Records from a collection
lemma Ga_action_fixed_if_fixed_by_nonzero:
  fixes A :: "'a::field_char_0 \<Rightarrow> ('v \<Rightarrow> 'a) \<Rightarrow> ('v \<Rightarrow> 'a)"
  assumes A: "effective_Ga_action X h A" and x: "x \<in> principal_open X h"
    and "c \<noteq> 0" and "A c x = x"
  shows "A s x = x"
proof
  fix j
  have multiples: "A (of_nat n * c) x = x" for n
  proof (induction n)
    case 0
    then show ?case using effective_Ga_actionD(2)[OF A x] by simp
  next
    case (Suc n)
    have "of_nat (Suc n) * c = c + of_nat n * c" by (simp add: algebra_simps)
    then show ?case
      using effective_Ga_actionD(3)[OF A x, of c "of_nat n * c"] Suc \<open>A c x = x\<close> by simp
  qed
  obtain Q where Q: "\<And>t. A t x j = poly Q t"
    using effective_Ga_actionD(4)[OF A x] by (metis rangeE)
  have "poly Q (of_nat n * c) = x j" for n
    using Q[of "of_nat n * c"] multiples[of n] by simp
  then have "range (\<lambda>n::nat. of_nat n * c) \<subseteq> {t. poly (Q - [:x j:]) t = 0}"
    by auto
  moreover have "infinite (range (\<lambda>n::nat. of_nat n * c))"
    using \<open>c \<noteq> 0\<close> by (auto intro!: range_inj_infinite injI)
  ultimately have "Q = [:x j:]"
    using poly_roots_finite[of "Q - [:x j:]"] finite_subset by auto
  then show "A s x j = x j" using Q by simp
qed

definition rescaled_Ga_action :: "(('v \<Rightarrow> 'a::field) \<Rightarrow> 'a) \<Rightarrow> nat
     \<Rightarrow> ('a \<Rightarrow> ('v \<Rightarrow> 'a) \<Rightarrow> ('v \<Rightarrow> 'a)) \<Rightarrow> 'a \<Rightarrow> ('v \<Rightarrow> 'a) \<Rightarrow> ('v \<Rightarrow> 'a)" where
  "rescaled_Ga_action h N A t x = (if h x = 0 then x else A (h x ^ N * t) x)"

lemma Ga_orbit_rescaled:
  assumes "h x \<noteq> 0"
  shows "Ga_orbit (rescaled_Ga_action h N A) x = Ga_orbit A x"
proof -
  have "A t x = A (h x ^ N * (t / h x ^ N)) x" for t using assms by simp
  then have "A t x \<in> {A (h x ^ N * s) x | s. True}" for t by blast
  then show ?thesis
    using assms unfolding Ga_orbit_def rescaled_Ga_action_def by auto
qed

Your assignment -> Restate the records above word for word, omitting nothing.

The answer ->
lemma Ga_action_fixed_if_fixed_by_nonzero:
  fixes A :: "'a::field_char_0 \<Rightarrow> ('v \<Rightarrow> 'a) \<Rightarrow> ('v \<Rightarrow> 'a)"
  assumes A: "effective_Ga_action X h A" and x: "x \<in> principal_open X h"
    and "c \<noteq> 0" and "A c x = x"
  shows "A s x = x"
proof
  fix j
  have multiples: "A (of_nat n * c) x = x" for n
  proof (induction n)
    case 0
    then show ?case using effective_Ga_actionD(2)[OF A x] by simp
  next
    case (Suc n)
    have "of_nat (Suc n) * c = c + of_nat n * c" by (simp add: algebra_simps)
    then show ?case
      using effective_Ga_actionD(3)[OF A x, of c "of_nat n * c"] Suc \<open>A c x = x\<close> by simp
  qed
  obtain Q where Q: "\<And>t. A t x j = poly Q t"
    using effective_Ga_actionD(4)[OF A x] by (metis rangeE)
  have "poly Q (of_nat n * c) = x j" for n
    using Q[of "of_nat n * c"] multiples[of n] by simp
  then have "range (\<lambda>n::nat. of_nat n * c) \<subseteq> {t. poly (Q - [:x j:]) t = 0}"
    by auto
  moreover have "infinite (range (\<lambda>n::nat. of_nat n * c))"
    using \<open>c \<noteq> 0\<close> by (auto intro!: range_inj_infinite injI)
  ultimately have "Q = [:x j:]"
    using poly_roots_finite[of "Q - [:x j:]"] finite_subset by auto
  then show "A s x j = x j" using Q by simp
qed

definition rescaled_Ga_action :: "(('v \<Rightarrow> 'a::field) \<Rightarrow> 'a) \<Rightarrow> nat
     \<Rightarrow> ('a \<Rightarrow> ('v \<Rightarrow> 'a) \<Rightarrow> ('v \<Rightarrow> 'a)) \<Rightarrow> 'a \<Rightarrow> ('v \<Rightarrow> 'a) \<Rightarrow> ('v \<Rightarrow> 'a)" where
  "rescaled_Ga_action h N A t x = (if h x = 0 then x else A (h x ^ N * t) x)"

lemma Ga_orbit_rescaled:
  assumes "h x \<noteq> 0"
  shows "Ga_orbit (rescaled_Ga_action h N A) x = Ga_orbit A x"
proof -
  have "A t x = A (h x ^ N * (t / h x ^ N)) x" for t using assms by simp
  then have "A t x \<in> {A (h x ^ N * s) x | s. True}" for t by blast
  then show ?thesis
    using assms unfolding Ga_orbit_def rescaled_Ga_action_def by auto
qed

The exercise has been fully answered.